Struct faiss::gpu::IVFPQSearchCagraConfig

struct IVFPQSearchCagraConfig

Public Members

uint32_t n_probes = 20

The number of clusters to search.

cudaDataType_t lut_dtype = CUDA_R_32F

Data type of look up table to be created dynamically at search time.

Possible values: [CUDA_R_32F, CUDA_R_16F, CUDA_R_8U]

The use of low-precision types reduces the amount of shared memory required at search time, so fast shared memory kernels can be used even for datasets with large dimansionality. Note that the recall is slightly degraded when low-precision type is selected.

cudaDataType_t internal_distance_dtype = CUDA_R_32F

Storage data type for distance/similarity computed at search time.

Possible values: [CUDA_R_16F, CUDA_R_32F]
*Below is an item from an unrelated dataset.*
(* Let $d\ge 3$ and let $\mathfrak M$ be a model of $\mathsf{SpecRel}_d$. Then for all inertial observers $m,k\in\mathrm{IOb}$ and all events $e_1,e_2\in Ev_m$, $$\mathsf{time}_m(e_1,e_2)^2-\mathsf{dist}_m(e_1,e_2)^2=\mathsf{time}_k(e_1,e_2)^2-\mathsf{dist}_k(e_1,e_2)^2 .$$
   Context: Fix a natural number $d\ge 2$. Models are first-order structures $\mathfrak M=\langle U;\mathrm B,\mathrm{Ob},\mathrm{IOb},\mathrm{Ph},\mathrm Q,+,\cdot,\le,\mathrm W\rangle$, where $\mathrm B,\mathrm{Ob},\mathrm{IOb},\mathrm{Ph},\mathrm Q$ are unary relations (subsets of $U$: bodies, observers, inertial observers, photons, quantities), $+,\cdot$ are binary function symbols, $\le$ a binary relation symbol, and $\mathrm W$ a $(2+d)$-ary relation; $\mathrm W(m,b,\vec p)$ is read "observer $m$ coordinatizes body $b$ at coordinate point $\vec p\in\mathrm Q^d$". For $\vec p=\langle p_1,\dots,p_d\rangle\in\mathrm Q^d$ write $p_t:=p_1$ (time component), $\vec p_s:=\langle p_2,\dots,p_d\rangle$ (space component), $|\vec p|:=\sqrt{p_1^2+\dots+p_n^2}$ for $\vec p\in \mathrm Q^n$ (Euclidean length); $\mathrm Q^d$ carries its vector-space operations and $\vec o$ is the origin. Define $ev_m(\vec p):=\{b\in\mathrm B:\mathrm W(m,b,\vec p)\}$, $Cd_m:=\{\vec p\in\mathrm Q^d: ev_m(\vec p)\neq\emptyset\}$, $Ev_m:=\{ev_m(\vec p):\vec p\in Cd_m\}$, $Ev:=\bigcup_{m\in\mathrm{Ob}}Ev_m$. $Crd_m(e)$ denotes the unique $\vec p\in Cd_m$ with $ev_m(\vec p)=e$; any statement involving $Crd_m(e)$ (or the notions below built from it) tacitly asserts that such a unique $\vec p$ exists. $\mathsf{time}_m(e_1,e_2):=|Crd_m(e_1)_t-Crd_m(e_2)_t|$, $\mathsf{dist}_m(e_1,e_2):=|Crd_m(e_1)_s-Crd_m(e_2)_s|$, and $e_1\sim_m e_2$ (simultaneous for $m$) iff $Crd_m(e_1)_t=Crd_m(e_2)_t$. $\mathsf{SpecRel}_d$ consists of the axioms: AxFrame: $\mathrm{Ob}\cup\mathrm{Ph}\subseteq\mathrm B$, $\mathrm{IOb}\subseteq\mathrm{Ob}$, $U=\mathrm B\cup\mathrm Q$, $\mathrm B\cap\mathrm Q=\emptyset$, $\mathrm W\subseteq\mathrm{Ob}\times\mathrm B\times\mathrm Q^d$, $+,\cdot$ are binary operations on $\mathrm Q$ and $\le$ is a binary relation on $\mathrm Q$. AxEOF: $\langle\mathrm Q;+,\cdot,\le\rangle$ is a Euclidean ordered field (a linearly ordered field in which every positive element has a square root). AxSelf$^-$: $\forall m\in\mathrm{Ob}\ \forall\vec p\in Cd_m\ (m\in ev_m(\vec p)\iff \vec p_s=\vec o)$. AxPh$_0$: $\forall m\in\mathrm{IOb}\ \forall\vec p,\vec q\in\mathrm Q^d\ (|\vec p_s-\vec q_s|=|p_t-q_t|\iff \mathrm{Ph}\cap ev_m(\vec p)\cap ev_m(\vec q)\neq\emptyset)$. AxEv: $\forall m,k\in\mathrm{IOb}\ Ev_m=Ev_k$. AxSimDist: $\forall m,k\in\mathrm{IOb}\ \forall e_1,e_2\in Ev_m\ (e_1\sim_m e_2\wedge e_1\sim_k e_2\Rightarrow \mathsf{dist}_m(e_1,e_2)=\mathsf{dist}_k(e_1,e_2))$. *)

theory Defs
  imports Main
begin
If the performance limiter at search time is device memory access, selecting FP16 will improve performance slightly.

double preferred_shmem_carveout = 1.0

Preferred fraction of SM’s unified memory / L1 cache to be used as shared memory.
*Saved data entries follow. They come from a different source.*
lemma circle_norm_of_int_div_ge:
  assumes "q > 0" and "\<not> int q dvd b"
  shows "1 / real q \<le> circle_norm (of_int b / real q)"
proof -
  define s where "s = b mod int q"
  have "0 \<le> s" "s < int q" "s \<noteq> 0"
    using assms unfolding s_def by (simp_all add: dvd_eq_mod_eq_0)
  then have "1 \<le> s" "s + 1 \<le> int q" by simp_all
  then have "1 \<le> real_of_int s" "real_of_int s + 1 \<le> real q"
    using of_int_le_iff[of "s + 1" "int q", where 'a = real] by simp_all
  then have "1 / real q \<le> of_int s / real q" "1 / real q \<le> 1 - of_int s / real q"
    using assms(1) by (simp_all add: divide_right_mono field_simps)
  then have "1 / real q \<le> min (of_int s / real q) (1 - of_int s / real q)"
    by simp
  also have "\<dots> \<le> circle_norm (of_int s / real q)"
    using \<open>0 \<le> s\<close> \<open>s < int q\<close> by (intro circle_norm_ge_min) auto
  finally have "1 / real q \<le> circle_norm (of_int (b mod int q) / real q)" unfolding s_def .
  then show ?thesis using circle_norm_of_int_div_mod[OF assms(1), of b] by (simp only:)
qed

lemma inverse_circle_norm_frac_le:
  assumes "s \<in> {1..q-1}"
  shows "1 / circle_norm (real s / real q) \<le> real q / real s + real q / real (q - s)"
proof -
  define x where "x = real s / real q"
  have "s < q" using assms by auto
  then have x: "0 < x" "x < 1" using assms unfolding x_def by auto
  have "min x (1 - x) \<le> circle_norm x" using x by (intro circle_norm_ge_min) auto
  moreover have "0 < min x (1 - x)" using x by simp
  ultimately have "1 / circle_norm x \<le> 1 / min x (1 - x)" by (simp add: frac_le)
  also have "\<dots> \<le> 1 / x + 1 / (1 - x)" using x by (auto simp: min_def)
  also have "\<dots> = real q / real s + real q / real (q - s)"
    using assms \<open>s < q\<close> unfolding x_def by (simp add: of_nat_diff field_simps)
  finally show ?thesis unfolding x_def .
qed

lemma mult_mod_mem_range:
  fixes a :: int
  assumes coprime: "coprime a (int q)" and t: "t \<in> {1..q-1}"
  shows "nat ((int t * a) mod int q) \<in> {1..q-1}"
proof -
  have "\<not> int q dvd int t * a"
  proof
    assume "int q dvd int t * a"
    then have "q dvd t" using coprime by (simp add: coprime_commute coprime_dvd_mult_left_iff)
    with t show False by (auto dest: dvd_imp_le)
  qed
  then have "(int t * a) mod int q \<noteq> 0" by (simp add: dvd_eq_mod_eq_0)
  moreover have "q > 0" using t by auto
  then have "0 \<le> (int t * a) mod int q" "(int t * a) mod int q < int q" by simp_all
  ultimately show ?thesis by auto
qed

lemma inj_on_mult_mod:
  fixes a :: int
  assumes coprime: "coprime a (int q)"
  shows "inj_on (\<lambda>t. nat ((int t * a) mod int q)) {1..q-1}"
proof (rule inj_onI)
  fix t1 t2 assume t: "t1 \<in> {1..q-1}" "t2 \<in> {1..q-1}"
    and "nat ((int t1 * a) mod int q) = nat ((int t2 * a) mod int q)"
  moreover have "q > 0" using t by auto
  ultimately have "(int t1 * a) mod int q = (int t2 * a) mod int q" by (simp add: eq_nat_nat_iff)
  then have "int q dvd (int t1 - int t2) * a" by (simp add: mod_eq_dvd_iff algebra_simps)
  then have dvd: "int q dvd int t1 - int t2"
    using coprime by (simp add: coprime_commute coprime_dvd_mult_left_iff)
  have "\<bar>int t1 - int t2\<bar> < int q" using t by auto
  show "t1 = t2"
  proof (rule ccontr)
    assume "t1 \<noteq> t2"
    then have "int q \<le> \<bar>int t1 - int t2\<bar>" using dvd_imp_le_int[OF _ dvd] by simp
    with \<open>\<bar>int t1 - int t2\<bar> < int q\<close> show False by simp
  qed
qed

lemma circle_norm_mult_div_eq_mod:
  fixes a :: int
  assumes "q > 0"
  shows "circle_norm (real t * of_int a / real q) = circle_norm (real (nat ((int t * a) mod int q)) / real q)"
proof -
  have "real (nat ((int t * a) mod int q)) = of_int ((int t * a) mod int q)" using assms by simp
  moreover have "real t * of_int a / real q = of_int (int t * a) / real q" by simp
  ultimately show ?thesis using circle_norm_of_int_div_mod[OF assms, of "int t * a"] by (simp only:)
qed

lemma sum_inverse_circle_norm_le:
  fixes a :: int
  assumes q: "q > 0" and coprime: "coprime a (int q)"
  shows "(\<Sum>t<q. 1 / circle_norm (real t * of_int a / real q)) \<le> 4 * real q * sqrt (real q)"
proof -
  define \<sigma> where "\<sigma> t = nat ((int t * a) mod int q)" for t
  have \<sigma>_norm: "circle_norm (real t * of_int a / real q) = circle_norm (real (\<sigma> t) / real q)" for t
    unfolding \<sigma>_def by (rule circle_norm_mult_div_eq_mod[OF q])
  have \<sigma>_inj: "inj_on \<sigma> {1..q-1}" unfolding \<sigma>_def by (rule inj_on_mult_mod[OF coprime])
  have \<sigma>_range: "\<sigma> ` {1..q-1} \<subseteq> {1..q-1}"
    unfolding \<sigma>_def using mult_mod_mem_range[OF coprime] by blast
  have "(\<Sum>t<q. 1 / circle_norm (real t * of_int a / real q))
      = (\<Sum>t\<in>{1..q-1}. 1 / circle_norm (real (\<sigma> t) / real q))"
  proof -
    have "{..<q} = insert 0 {1..q-1}" using q by auto
    \<comment> \<open>the term \<open>t = 0\<close> is \<open>1 / 0\<close>, which is \<open>0\<close> in Isabelle\<close>
    moreover have "1 / circle_norm (real 0 * of_int a / real q) = 0" by (simp add: circle_norm_def)
    ultimately show ?thesis by (simp flip: \<sigma>_norm)
  qed
  also have "\<dots> = (\<Sum>s\<in>\<sigma> ` {1..q-1}. 1 / circle_norm (real s / real q))"
    by (simp only: sum.reindex[OF \<sigma>_inj] comp_def)
  also have "\<dots> \<le> (\<Sum>s\<in>{1..q-1}. 1 / circle_norm (real s / real q))"
    by (rule sum_mono2[OF _ \<sigma>_range]) (simp_all add: circle_norm_nonneg)
  also have "\<dots> \<le> (\<Sum>s\<in>{1..q-1}. real q / real s + real q / real (q - s))"
    by (intro sum_mono inverse_circle_norm_frac_le)
  also have "\<dots> = 2 * real q * (\<Sum>s\<in>{1..q-1}. 1 / real s)"
  proof -
    have "(\<Sum>s\<in>{1..q-1}. 1 / real s) = (\<Sum>s\<in>{1..q-1}. 1 / real (q - 1 + 1 - s))"
      by (rule sum.atLeastAtMost_rev)
    then have "(\<Sum>s\<in>{1..q-1}. 1 / real (q - s)) = (\<Sum>s\<in>{1..q-1}. 1 / real s)"
      using q by simp
    moreover have "(\<Sum>s\<in>{1..q-1}. real q / real s + real q / real (q - s))
        = real q * (\<Sum>s\<in>{1..q-1}. 1 / real s) + real q * (\<Sum>s\<in>{1..q-1}. 1 / real (q - s))"
      by (simp add: sum.distrib sum_distrib_left)
    ultimately show ?thesis by simp
  qed
  also have "\<dots> \<le> 2 * real q * (2 * sqrt (real q))"
  proof -
    have "sqrt (real (q - 1)) \<le> sqrt (real q)" by simp
    then have "(\<Sum>s\<in>{1..q-1}. 1 / real s) \<le> 2 * sqrt (real q)"
      using sum_inverse_le_sqrt[of "q - 1"] by linarith
    then show ?thesis by (intro mult_left_mono) auto
  qed
  finally show ?thesis by simp
qed

lemma sum_inverse_circle_norm_even_le:
  fixes a :: int
  assumes q: "q > 0" and coprime: "coprime a (int q)" and qM: "q \<le> 4 * M"
  shows "(\<Sum>h\<in>{1..M}. 1 / circle_norm (real (2 * h) * of_int a / real q)) \<le> 48 * real M * sqrt (real M)"
proof -
  define \<phi> where "\<phi> k = 1 / circle_norm (real k * of_int a / real q)" for k
  define J where "J = 2 * M div q"
  have \<phi>_periodic: "\<phi> (k + q) = \<phi> k" for k
  proof -
    have "real (k + q) * of_int a / real q = real k * of_int a / real q + of_int a"
      using q by (simp add: field_simps)
    then show ?thesis unfolding \<phi>_def by simp
  qed
  have "2 * M = q * J + 2 * M mod q" unfolding J_def by simp
  moreover have "2 * M mod q < q" using q by simp
  ultimately have "2 * M < q * (J + 1)" by (simp add: algebra_simps)
  moreover have "inj_on (\<lambda>h. 2 * h) {1..M}" by (auto simp: inj_on_def)
  ultimately have "(\<Sum>h\<in>{1..M}. \<phi> (2 * h)) \<le> (\<Sum>k\<in>{0..<q * (J + 1)}. \<phi> k)"
    by (subst sum.reindex[symmetric, unfolded comp_def])
      (auto intro!: sum_mono2 simp: \<phi>_def circle_norm_nonneg)
  also have "\<dots> = real (J + 1) * (\<Sum>k<q. \<phi> k)"
    using sum_atLeast0_lessThan_mult_periodic[where \<phi> = \<phi> and n = "J + 1", OF \<phi>_periodic]
    by (simp only: atLeast0LessThan)
  also have "\<dots> \<le> real (J + 1) * (4 * real q * sqrt (real q))"
    unfolding \<phi>_def by (intro mult_left_mono sum_inverse_circle_norm_le q coprime) auto
  also have "\<dots> \<le> 48 * real M * sqrt (real M)"
  proof -
    have "real (J + 1) * real q = real (q * J) + real q" by (simp add: algebra_simps)
    also have "\<dots> \<le> 6 * real M"
    proof -
      have "q * J \<le> 2 * M" unfolding J_def by (rule times_div_less_eq_dividend)
      then have "real (q * J) \<le> real (2 * M)" "real q \<le> real (4 * M)"
        using qM by (simp_all only: of_nat_le_iff)
      then show ?thesis by simp
    qed
    finally have Jq: "real (J + 1) * real q \<le> 6 * real M" .
    have "sqrt (real q) \<le> 2 * sqrt (real M)"
      using qM real_sqrt_le_mono[of "real q" "4 * real M"] by (simp add: real_sqrt_mult)
    with Jq have "(real (J + 1) * real q) * sqrt (real q) \<le> (6 * real M) * (2 * sqrt (real M))"
      by (rule mult_mono) auto
    then show ?thesis by (simp add: algebra_simps)
  qed
  finally show ?thesis unfolding \<phi>_def .
qed

section \<open>The Weyl sum on the minor arcs\<close>

lemma norm_sum_ee_near_rational_le:
  fixes a :: int
  assumes q: "q > 0" and coprime: "coprime a (int q)" and not_dvd: "\<not> q dvd k"
    and small: "\<bar>real k * \<beta>\<bar> \<le> 1 / (2 * real q)"
  shows "norm (\<Sum>b\<in>{1..K}. ee (real b * (real k * (of_int a / real q + \<beta>))))
    \<le> 2 / circle_norm (real k * of_int a / real q)"
proof -
  define x where "x = circle_norm (real k * of_int a / real q)"
  have "\<not> int q dvd int k * a"
    using not_dvd coprime by (simp add: coprime_commute coprime_dvd_mult_left_iff)
  then have x: "1 / real q \<le> x"
    using circle_norm_of_int_div_ge[OF q, of "int k * a"] unfolding x_def by simp
  have "x - \<bar>real k * \<beta>\<bar> \<le> circle_norm (real k * (of_int a / real q + \<beta>))"
    using circle_norm_add_ge[of "real k * of_int a / real q" "real k * \<beta>"]
    unfolding x_def by (simp add: distrib_left)
  then have half: "x / 2 \<le> circle_norm (real k * (of_int a / real q + \<beta>))"
    using small x by simp
  have "0 < x" using x q by (meson divide_pos_pos of_nat_0_less_iff order_less_le_trans zero_less_one)
  then have "norm (\<Sum>b\<in>{1..K}. ee (real b * (real k * (of_int a / real q + \<beta>))))
      \<le> 1 / circle_norm (real k * (of_int a / real q + \<beta>))"
    using half by (intro norm_sum_ee_le_inverse_circle_norm) linarith
  also have "\<dots> \<le> 1 / (x / 2)"
    using half \<open>0 < x\<close> by (intro divide_left_mono) auto
  finally show ?thesis unfolding x_def by simp
qed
Possible values: [0.0 - 1.0] as a fraction of the sharedMemPerMultiprocessor.

One wants to increase the carveout to make sure a good GPU occupancy for the main search kernel, but not to keep it too high to leave some memory to be used as L1 cache. Note, this value is interpreted only as a hint. Moreover, a GPU usually allows only a fixed set of cache configurations, so the provided value is rounded up to the nearest configuration. Refer to the NVIDIA tuning guide for the target GPU architecture.

Note, this is a low-level tuning parameter that can have drastic negative effects on the search performance if tweaked incorrectly.